Data to examine —

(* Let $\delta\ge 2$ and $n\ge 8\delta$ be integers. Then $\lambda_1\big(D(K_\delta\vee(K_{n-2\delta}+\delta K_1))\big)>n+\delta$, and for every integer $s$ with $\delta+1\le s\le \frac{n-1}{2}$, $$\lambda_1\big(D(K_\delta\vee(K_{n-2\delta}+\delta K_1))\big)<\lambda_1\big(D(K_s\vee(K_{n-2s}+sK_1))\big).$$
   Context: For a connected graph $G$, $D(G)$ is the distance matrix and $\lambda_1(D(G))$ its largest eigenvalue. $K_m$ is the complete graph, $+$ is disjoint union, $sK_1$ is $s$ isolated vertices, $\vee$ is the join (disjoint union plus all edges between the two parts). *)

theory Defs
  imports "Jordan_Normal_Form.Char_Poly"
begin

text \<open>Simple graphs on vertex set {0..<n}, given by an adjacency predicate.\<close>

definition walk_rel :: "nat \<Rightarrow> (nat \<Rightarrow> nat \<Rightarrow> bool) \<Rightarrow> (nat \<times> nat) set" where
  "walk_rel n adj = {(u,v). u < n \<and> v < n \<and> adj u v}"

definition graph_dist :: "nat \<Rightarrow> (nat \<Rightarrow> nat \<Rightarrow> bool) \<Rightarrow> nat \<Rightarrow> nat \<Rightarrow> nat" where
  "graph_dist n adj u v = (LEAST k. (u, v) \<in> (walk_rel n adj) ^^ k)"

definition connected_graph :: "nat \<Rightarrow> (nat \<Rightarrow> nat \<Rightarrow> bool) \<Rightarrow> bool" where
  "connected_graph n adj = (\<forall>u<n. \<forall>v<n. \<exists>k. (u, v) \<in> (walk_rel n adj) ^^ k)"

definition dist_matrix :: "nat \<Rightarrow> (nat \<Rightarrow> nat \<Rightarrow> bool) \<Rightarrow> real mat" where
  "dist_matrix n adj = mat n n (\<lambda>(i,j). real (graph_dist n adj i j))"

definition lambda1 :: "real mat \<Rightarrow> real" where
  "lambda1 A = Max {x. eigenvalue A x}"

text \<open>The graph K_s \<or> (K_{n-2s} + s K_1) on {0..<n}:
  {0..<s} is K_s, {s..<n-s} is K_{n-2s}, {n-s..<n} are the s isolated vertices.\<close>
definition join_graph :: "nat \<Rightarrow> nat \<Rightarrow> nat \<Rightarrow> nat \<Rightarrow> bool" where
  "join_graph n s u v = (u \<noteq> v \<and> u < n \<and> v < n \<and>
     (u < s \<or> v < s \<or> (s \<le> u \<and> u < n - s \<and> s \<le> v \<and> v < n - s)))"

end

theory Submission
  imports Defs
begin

Task to carry out —
Copy out the lines of the data where the word "open" can be found.

Answer to this exercise —
text \<open>Simple graphs on vertex set {0..<n}, given by an adjacency predicate.\<close>
text \<open>The graph K_s \<or> (K_{n-2s} + s K_1) on {0..<n}:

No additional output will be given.